5. Contests, Sweepstakes and Promotions

Contests, sweepstakes and other similar promotions that you enter on an S&S Product or in connection with S&S Products integrated with a third-party website, service, application, platform, and/or content (“S&S Promotions”) may be subject to official rules and/or conditions that are supplemental to this Agreement, and which may provide details governing the S&S Promotion such as eligibility requirements, entry instructions, deadlines, prize information and restrictions. If you wish to participate in any S&S Promotion, please first review the applicable Promotion official rules and/or conditions. If an S&S Promotion’s official rules and/or conditions conflict with this Agreement, the provisions contained in the official rules and/or conditions govern and control the S&S Promotion. Your entry into an S&S Promotion constitutes User Generated Content and is subject to all provisions of this Agreement that govern your submission and our use of your User Generated Content.

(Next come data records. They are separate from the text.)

lemma point_shift_strict_mono:
  assumes "g > 0" "\<bar>b - a\<bar> < g" "s < s'"
  shows "point_shift a b g s < point_shift a b g s'"
proof -
  define h where "h x = max 0 (1 - \<bar>x - a\<bar> / g)" for x
  have "\<bar>h s' - h s\<bar> \<le> \<bar>(1 - \<bar>s' - a\<bar> / g) - (1 - \<bar>s - a\<bar> / g)\<bar>"
    unfolding h_def by (auto simp: max_def)
  also have "\<dots> = \<bar>(\<bar>s - a\<bar> - \<bar>s' - a\<bar>) / g\<bar>"
    by (simp add: diff_divide_distrib)
  also have "\<dots> = \<bar>\<bar>s - a\<bar> - \<bar>s' - a\<bar>\<bar> / g"
    using assms(1) by simp
  also have "\<dots> \<le> (s' - s) / g"
    using assms by (intro divide_right_mono) auto
  finally have "\<bar>(b - a) * (h s' - h s)\<bar> \<le> \<bar>b - a\<bar> * ((s' - s) / g)"
    unfolding abs_mult by (intro mult_left_mono) auto
  also have "\<dots> < g * ((s' - s) / g)"
    using assms by (intro mult_strict_right_mono) auto
  also have "\<dots> = s' - s" using assms(1) by simp
  finally show ?thesis unfolding point_shift_def h_def[symmetric] by (simp add: algebra_simps abs_less_iff)
qed

lemma point_shift_time_change:
  assumes "g > 0" "g \<le> a" "\<bar>b - a\<bar> < g"
  shows "time_change (point_shift a b g)"
proof -
  have cont: "continuous_on S (point_shift a b g)" for S
    unfolding point_shift_def by (intro continuous_intros) (use assms(1) in auto)
  have mono: "strict_mono_on {0..} (point_shift a b g)"
    using point_shift_strict_mono[OF assms(1,3)] by (auto intro: strict_mono_onI)
  have zero: "point_shift a b g 0 = 0" using point_shift_outside assms by auto
  have "point_shift a b g ` {0..} \<subseteq> {0..}"
    using zero point_shift_strict_mono[OF assms(1,3), of 0] by (force simp: le_less)
  moreover have "w \<in> point_shift a b g ` {0..}" if w: "0 \<le> w" for w
  proof -
    have "point_shift a b g (w + a + g) = w + a + g" using point_shift_outside assms w by auto
    then have "\<exists>s. 0 \<le> s \<and> s \<le> w + a + g \<and> point_shift a b g s = w"
      using zero w assms(1,2) by (intro IVT' cont) auto
    then show ?thesis by auto
  qed
  ultimately show ?thesis unfolding time_change_def using cont mono by auto
qed
(* Let $F$ be a field, $A$ a finitely generated free abelian group, $F * A$ a twisted group algebra, and $A'<A$ a subgroup of finite index in $A$. Then $\dim(F * A')=\dim(F * A)$.
   Context: A twisted group algebra $F * A$ is an $F$-algebra with $F$-basis $\{\bar a: a\in A\}$ and $\bar a_1\bar a_2=\tau(a_1,a_2)\overline{a_1a_2}$, $\tau$ a 2-cocycle with values in $F\setminus\{0\}$; $F * A'$ is the subalgebra spanned by $\bar a$, $a\in A'$. $\dim$ denotes the Krull dimension, which for these algebras coincides with the global dimension. *)

theory Defs
  imports Main "HOL-Library.Extended_Nat"
begin

text \<open>The free abelian group Z^n, realised as integer vectors supported on {0..<n}.\<close>
type_synonym zvec = "nat \<Rightarrow> int"

definition Zn :: "nat \<Rightarrow> zvec set" where
  "Zn n = {v. \<forall>i\<ge>n. v i = 0}"

definition vzero :: zvec where "vzero = (\<lambda>_. 0)"
definition vadd :: "zvec \<Rightarrow> zvec \<Rightarrow> zvec" where "vadd a b = (\<lambda>i. a i + b i)"
definition vneg :: "zvec \<Rightarrow> zvec" where "vneg a = (\<lambda>i. - a i)"

definition subgroup_of :: "zvec set \<Rightarrow> zvec set \<Rightarrow> bool" where
  "subgroup_of A H \<longleftrightarrow> H \<subseteq> A \<and> vzero \<in> H \<and>
     (\<forall>a\<in>H. \<forall>b\<in>H. vadd a b \<in> H) \<and> (\<forall>a\<in>H. vneg a \<in> H)"

definition finite_index :: "zvec set \<Rightarrow> zvec set \<Rightarrow> bool" where
  "finite_index A H \<longleftrightarrow> finite ((\<lambda>a. {vadd a h | h. h \<in> H}) ` A)"
definition bdd_J1_continuous :: "((real \<Rightarrow> real) \<Rightarrow> real) \<Rightarrow> bool" where
  "bdd_J1_continuous f \<longleftrightarrow>
     (\<exists>B. \<forall>x. cadlag01 x \<longrightarrow> \<bar>f x\<bar> \<le> B) \<and>
     (\<forall>x. cadlag01 x \<longrightarrow> (\<forall>e>0. \<exists>d>0. \<forall>y. cadlag01 y \<longrightarrow> skorokhod_J1 x y < d \<longrightarrow> \<bar>f y - f x\<bar> < e))"

definition converges_in_dist_J1 ::
  "'a measure \<Rightarrow> (nat \<Rightarrow> 'a \<Rightarrow> real \<Rightarrow> real) \<Rightarrow> 'b measure \<Rightarrow> ('b \<Rightarrow> real \<Rightarrow> real) \<Rightarrow> bool" where
  "converges_in_dist_J1 M Z N W \<longleftrightarrow>
     (\<forall>f. bdd_J1_continuous f \<longrightarrow>
        (\<forall>n. (\<lambda>\<omega>. f (Z n \<omega>)) \<in> borel_measurable M) \<and>
        (\<lambda>\<omega>. f (W \<omega>)) \<in> borel_measurable N \<and>
        (\<lambda>n. \<integral>\<omega>. f (Z n \<omega>) \<partial>M) \<longlonglongrightarrow> (\<integral>\<omega>. f (W \<omega>) \<partial>N))"

definition levy_motion :: "'b measure \<Rightarrow> ('b \<Rightarrow> real \<Rightarrow> real) \<Rightarrow> real \<Rightarrow> real \<Rightarrow> real \<Rightarrow> bool" where
  "levy_motion N W \<alpha> \<sigma> \<beta> \<longleftrightarrow>
     prob_space N \<and>
     (\<forall>t\<in>{0..1}. (\<lambda>\<omega>. W \<omega> t) \<in> borel_measurable N) \<and>
     (\<forall>\<omega>\<in>space N. cadlag01 (W \<omega>) \<and> W \<omega> 0 = 0) \<and>
     (\<forall>(n::nat) (ts::nat \<Rightarrow> real). 0 \<le> ts 0 \<longrightarrow> ts n \<le> 1 \<longrightarrow> strict_mono_on {0..n} ts \<longrightarrow>
        prob_space.indep_vars N (\<lambda>_. borel) (\<lambda>i \<omega>. W \<omega> (ts i) - W \<omega> (ts (i - 1))) {1..n}) \<and>
     (\<forall>s t. 0 \<le> s \<longrightarrow> s < t \<longrightarrow> t \<le> 1 \<longrightarrow>
        has_stable_law N (\<lambda>\<omega>. W \<omega> t - W \<omega> s) \<alpha> (\<sigma> * (t - s) powr (1 / \<alpha>)) \<beta> 0)"

definition triangular_array :: "'a measure \<Rightarrow> (nat \<Rightarrow> nat \<Rightarrow> 'a \<Rightarrow> real) \<Rightarrow> real \<Rightarrow> bool" where
  "triangular_array M X \<alpha> \<longleftrightarrow>
     prob_space M \<and>
     prob_space.indep_vars M (\<lambda>_. borel) (\<lambda>(k, m). X k m) {(k, m). 1 \<le> k \<and> 1 \<le> m} \<and>
     (\<forall>k m. 1 \<le> k \<longrightarrow> 1 \<le> m \<longrightarrow> has_stable_law M (X k m) \<alpha> (real k powr (- 1 / \<alpha>)) 1 0)"

definition WM :: "real \<Rightarrow> (nat \<Rightarrow> nat \<Rightarrow> 'a \<Rightarrow> real) \<Rightarrow> nat \<Rightarrow> 'a \<Rightarrow> real \<Rightarrow> real" where
  "WM \<alpha> X n \<omega> t =
     real n powr (- 1 / \<alpha>) *
     (\<Sum>k\<in>{k::nat. log 2 (real n) / (2 * \<alpha>) < real k \<and> real k \<le> log 2 (real n) / \<alpha>}.
        \<Sum>j=1..nat \<lfloor>real n * t\<rfloor>. X k j \<omega> - X k (j + 4 ^ (k^2)) \<omega>)"

end

theory Submission
  imports Defs "HOL-Analysis.Harmonic_Numbers" "HOL-Real_Asymp.Real_Asymp"
begin

text \<open>Once \<open>n \<ge> 256\<close>, every shift \<open>d\<^sub>k = 4^(k^2)\<close> of a scale \<open>k\<close> in the block exceeds \<open>n\<close>, so
  the increments \<open>Y\<^sub>j = n^(-1/\<alpha>) \<Sum>\<^sub>k (X\<^sub>k(j) - X\<^sub>k(j + d\<^sub>k))\<close>, \<open>j = 1..n\<close>, of the process are built
  from disjoint parts of the array. They are therefore independent and symmetric \<open>\<alpha>\<close>-stable,
  with characteristic function \<open>exp (- H\<^sub>n |\<theta>|^\<alpha> / n)\<close> where \<open>H\<^sub>n = \<Sum>\<^sub>k 2/k\<close>. The grid increments
  \<open>W(j/n) - W((j-1)/n)\<close> of the Levy motion, scaled by \<open>c\<^sub>n = (H\<^sub>n / (2 ln 2))^(1/\<alpha>)\<close>, have the same
  joint law, so \<open>W\<^sub>n\<^sup>(\<^sup>M\<^sup>)\<close> has the law of the step path \<open>t \<mapsto> c\<^sub>n W(\<lfloor>nt\<rfloor>/n)\<close>. As \<open>H\<^sub>n\<close> is a
  harmonic sum over \<open>(log n/(2\<alpha>), log n/\<alpha>]\<close>, \<open>c\<^sub>n \<longrightarrow> 1\<close>; and for every cadlag path the
  discretization \<open>c\<^sub>n x(\<lfloor>nt\<rfloor>/n)\<close> converges to \<open>x\<close> in J1 (via a time change moving the points of
  an oscillation partition of \<open>x\<close> to the grid). Dominated convergence concludes.\<close>

section \<open>The Skorokhod distance\<close>

lemma id_in_time_changes01: "(\<lambda>t. t) \<in> time_changes01"
  unfolding time_changes01_def by (auto simp: strict_mono_on_def intro: continuous_on_id)

lemma skorokhod_J1_le:
  assumes "r \<in> time_changes01" "\<forall>t\<in>{0..1}. \<bar>r t - t\<bar> \<le> e" "\<forall>t\<in>{0..1}. \<bar>x t - y (r t)\<bar> \<le> e"
  shows "skorokhod_J1 x y \<le> e"
  unfolding skorokhod_J1_def
proof (rule cInf_lower)
  show "e \<in> {e. \<exists>r\<in>time_changes01. (\<forall>t\<in>{0..1}. \<bar>r t - t\<bar> \<le> e) \<and> (\<forall>t\<in>{0..1}. \<bar>x t - y (r t)\<bar> \<le> e)}"
    using assms by blast
  show "bdd_below {e. \<exists>r\<in>time_changes01. (\<forall>t\<in>{0..1}. \<bar>r t - t\<bar> \<le> e) \<and> (\<forall>t\<in>{0..1}. \<bar>x t - y (r t)\<bar> \<le> e)}"
    by (rule bdd_belowI[of _ 0]) force
qed

lemma skorokhod_J1_le_uniform:
  assumes "0 \<le> e" "\<forall>t\<in>{0..1}. \<bar>x t - y t\<bar> \<le> e"
  shows "skorokhod_J1 x y \<le> e"
  using skorokhod_J1_le[OF id_in_time_changes01] assms by auto

lemma bdd_J1_continuous_tendsto:
  assumes f: "bdd_J1_continuous f" and x: "cadlag01 x" and ys: "\<And>i. cadlag01 (ys i)"
    and lim: "\<And>d. d > 0 \<Longrightarrow> eventually (\<lambda>i. skorokhod_J1 x (ys i) < d) F"
  shows "((\<lambda>i. f (ys i)) \<longlongrightarrow> f x) F"
  unfolding tendsto_iff
proof (intro allI impI)
  fix e :: real assume "e > 0"
  then obtain d where "d > 0" and d: "\<And>y. cadlag01 y \<Longrightarrow> skorokhod_J1 x y < d \<Longrightarrow> \<bar>f y - f x\<bar> < e"
    using f x unfolding bdd_J1_continuous_def by blast
  from lim[OF \<open>d > 0\<close>] show "eventually (\<lambda>i. dist (f (ys i)) (f x) < e) F"
    by eventually_elim (use d ys in \<open>simp add: dist_real_def\<close>)
qed

lemma bdd_J1_continuous_cong:
  assumes f: "bdd_J1_continuous f" and x: "cadlag01 x" and y: "cadlag01 y"
    and eq: "\<And>t. t \<in> {0..1} \<Longrightarrow> x t = y t"
  shows "f x = f y"
proof -
  have "skorokhod_J1 x y \<le> 0" using eq by (intro skorokhod_J1_le_uniform) auto
  then have "((\<lambda>_::nat. f y) \<longlongrightarrow> f x) sequentially"
    by (intro bdd_J1_continuous_tendsto[OF f x y]) auto
  then show ?thesis by (simp add: LIMSEQ_const_iff)
qed


section \<open>Cadlag paths\<close>

locale unit_partition =
  fixes m :: nat and a :: "nat \<Rightarrow> real"
  assumes a0: "a 0 = 0" and am: "a m = 1" and a_mono: "strict_mono_on {0..m} a"
begin

lemma m_pos: "0 < m"
  using a0 am by (cases m) auto

lemma a_less: "i < j \<Longrightarrow> j \<le> m \<Longrightarrow> a i < a j"
  using a_mono by (auto simp: strict_mono_on_def)

lemma a_le: "i \<le> j \<Longrightarrow> j \<le> m \<Longrightarrow> a i \<le> a j"
  by (rule strict_mono_on_leD[OF a_mono]) auto

lemma a_in_unit: "i \<le> m \<Longrightarrow> 0 \<le> a i \<and> a i \<le> 1"
  using a_le[of 0 i] a_le[of i m] a0 am by auto

lemma cell_right_open:
  assumes "0 \<le> t" "t < 1"
  obtains i where "i < m" "a i \<le> t" "t < a (Suc i)"
proof -
  define i where "i = Max {i. i < m \<and> a i \<le> t}"
  have "i \<in> {i. i < m \<and> a i \<le> t}"
    unfolding i_def using m_pos a0 assms by (intro Max_in) auto
  moreover have "t < a (Suc i)"
  proof (cases "Suc i < m")
    case True
    have "Suc i \<notin> {i. i < m \<and> a i \<le> t}"
      using Max_ge[of "{i. i < m \<and> a i \<le> t}" "Suc i"] unfolding i_def[symmetric] by auto
    then show ?thesis using True by auto
  next
    case False
    then have "Suc i = m" using \<open>i \<in> _\<close> by auto
    then show ?thesis using am assms by simp
  qed
  ultimately show ?thesis using that by auto
qed
lemma (in prob_space) indep_vars_expectation_mult:
  fixes Z :: "'i \<Rightarrow> 'a \<Rightarrow> real" and f g :: "('i \<Rightarrow> real) \<Rightarrow> real"
  assumes ind: "indep_vars (\<lambda>_. borel) Z I" and AB: "A \<inter> B = {}" "A \<subseteq> I" "B \<subseteq> I"
    and f: "f \<in> borel_measurable (Pi\<^sub>M A (\<lambda>_. borel))" and g: "g \<in> borel_measurable (Pi\<^sub>M B (\<lambda>_. borel))"
    and F: "\<And>\<omega>. F \<omega> = f (\<lambda>i\<in>A. Z i \<omega>)" and G: "\<And>\<omega>. G \<omega> = g (\<lambda>i\<in>B. Z i \<omega>)"
    and "integrable M F" "integrable M G"
  shows "expectation (\<lambda>\<omega>. F \<omega> * G \<omega>) = expectation F * expectation G"
proof -
  have "indep_var borel (f \<circ> (\<lambda>\<omega>. \<lambda>i\<in>A. Z i \<omega>)) borel (g \<circ> (\<lambda>\<omega>. \<lambda>i\<in>B. Z i \<omega>))"
    by (rule indep_var_compose[OF indep_var_restrict[OF ind AB] f g])
  moreover have "f \<circ> (\<lambda>\<omega>. \<lambda>i\<in>A. Z i \<omega>) = F" "g \<circ> (\<lambda>\<omega>. \<lambda>i\<in>B. Z i \<omega>) = G"
    by (simp_all add: fun_eq_iff F G)
  ultimately show ?thesis
    using indep_var_lebesgue_integral assms(9,10) by simp
qed
lemma Tan_precomp_seq:
  assumes u: "u \<in> Hom C a' a" and f: "preD_seq C a b f"
  shows "Tan C a' (precomp_seq C u f) = precomp_seq C (Parr C u) (Tan C a f)"
proof
  fix n
  have a: "a \<in> Obj C" and a': "a' \<in> Obj C"
    using f u preD_seq_dom_obj dom_obj by blast+
  have fn: "f n \<in> Hom C ((Pob C ^^ n) a) b"
    using f by (rule preD_seqD)
  have un: "(Parr C ^^ n) u \<in> Hom C ((Pob C ^^ n) a') ((Pob C ^^ n) a)"
    using u by blast
  have Pun: "(Parr C ^^ n) (Parr C u) \<in> Hom C (Pob C ((Pob C ^^ n) a')) (Pob C ((Pob C ^^ n) a))"
    using un by auto
  have "cmp C ((Parr C ^^ n) (pr0 C a' a')) ((Parr C ^^ n) u) = (Parr C ^^ n) (cmp C (pr0 C a' a') u)"
    using funpow_Parr_comp[OF pr0_in_hom_Pob[OF a'] u] by simp
  also have "\<dots> = (Parr C ^^ n) (cmp C (Parr C u) (pr0 C a a))"
    using Parr_pr0[OF u] by simp
  also have "\<dots> = cmp C ((Parr C ^^ n) (Parr C u)) ((Parr C ^^ n) (pr0 C a a))"
    using funpow_Parr_comp[OF Parr_in_hom[OF u] pr0_in_hom_Pob[OF a]] by simp
  finally have "cmp C ((Parr C ^^ n) (pr0 C a' a')) (cmp C ((Parr C ^^ n) u) (f n))
      = cmp C ((Parr C ^^ n) (Parr C u)) (cmp C ((Parr C ^^ n) (pr0 C a a)) (f n))"
    using comp_assoc[OF funpow_Parr_pr0_in_hom[OF a'] un fn]
      comp_assoc[OF Pun funpow_Parr_pr0_in_hom[OF a] fn] by simp
  moreover have "cmp C ((Parr C ^^ n) (Parr C u)) (Tan C a f n)
      = pair C (cmp C ((Parr C ^^ n) (Parr C u)) (cmp C ((Parr C ^^ n) (pr0 C a a)) (f n)))
          (cmp C ((Parr C ^^ n) (Parr C u)) (f (Suc n)))"
    unfolding Tan_def
    using comp_pair[OF Pun comp_in_hom[OF funpow_Parr_pr0_in_hom[OF a] fn] preD_seqD_Suc[OF f]] .
  ultimately show "Tan C a' (precomp_seq C u f) n = precomp_seq C (Parr C u) (Tan C a f) n"
    by (simp add: precomp_seq_def Tan_def)
qed

lemma Tan_postcomp_seq:
  assumes v: "v \<in> Hom C b b'" and f: "preD_seq C a b f"
  shows "Tan C a (postcomp_seq C f v) = postcomp_seq C (Tan C a f) (Parr C v)"
proof
  fix n
  have a: "a \<in> Obj C"
    using f by (rule preD_seq_dom_obj)
  have fn: "f n \<in> Hom C ((Pob C ^^ n) a) b"
    using f by (rule preD_seqD)
  show "Tan C a (postcomp_seq C f v) n = postcomp_seq C (Tan C a f) (Parr C v) n"
    using pair_comp_Parr[OF comp_in_hom[OF funpow_Parr_pr0_in_hom[OF a] fn] preD_seqD_Suc[OF f] v]
      comp_assoc[OF funpow_Parr_pr0_in_hom[OF a] fn v]
    by (simp add: postcomp_seq_def Tan_def)
qed

lemma Tan_iter_precomp_seq:
  "u \<in> Hom C a' a \<Longrightarrow> preD_seq C a b f \<Longrightarrow>
   Tan_iter C n a' (precomp_seq C u f) = precomp_seq C ((Parr C ^^ n) u) (Tan_iter C n a f)"
proof (induction n)
  case (Suc n)
  then show ?case
    using Tan_precomp_seq[OF funpow_Parr_in_hom[OF Suc.prems(1)] preD_seq_Tan_iter[OF Suc.prems(2)]] by simp
qed simp

lemma Tan_iter_postcomp_seq:
  "v \<in> Hom C b b' \<Longrightarrow> preD_seq C a b f \<Longrightarrow>
   Tan_iter C n a (postcomp_seq C f v) = postcomp_seq C (Tan_iter C n a f) ((Parr C ^^ n) v)"
proof (induction n)
  case (Suc n)
  then show ?case
    using Tan_postcomp_seq[OF funpow_Parr_in_hom[OF Suc.prems(1)] preD_seq_Tan_iter[OF Suc.prems(2)]] by simp
qed simp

6. Disclaimers and Limitation on Liability

THE S&S PRODUCTS ARE PROVIDED “AS IS” AND “AS AVAILABLE.” WE DISCLAIM ALL CONDITIONS, REPRESENTATIONS AND WARRANTIES NOT EXPRESSLY SET OUT IN THESE TERMS TO THE FULLEST EXTENT PERMITTED BY LAW. 

PLEASE REFER TO THE HELP SECTION OF THE APPLICABLE S&S PRODUCT FOR ASSISTANCE IF AN S&S PRODUCT IS NOT WORKING PROPERLY. It is your responsibility to ensure you follow installation instructions, have the minimum system requirements, update software as recommended, and consult our customer service resources if you encounter a problem with the S&S Products. 

We shall not be liable for delay or failure in performance for causes beyond our control or any other damage which does not result from a breach of our obligations under this Agreement. 

We are not liable for business losses. We only supply products for your personal, non-commercial, and domestic use. If you use the products for any other purpose we will have no liability to you for any loss of profit, loss of business, business interruption, loss of business opportunity, or similar loss. 

WE ARE NOT RESPONSIBLE FOR ANY LACK OF FUNCTIONALITY OR FAILURE TO PROVIDE ANY PART OF THE S&S PRODUCT(S), OR ANY LOSS OF CONTENT OR DATA THAT IS DUE TO: YOUR EQUIPMENT, DEVICES, OPERATING SYSTEM OR INTERNET CONNECTION; OR YOUR FAILURE TO COMPLY WITH SPECIFIED COMPATIBILITY REQUIREMENTS. 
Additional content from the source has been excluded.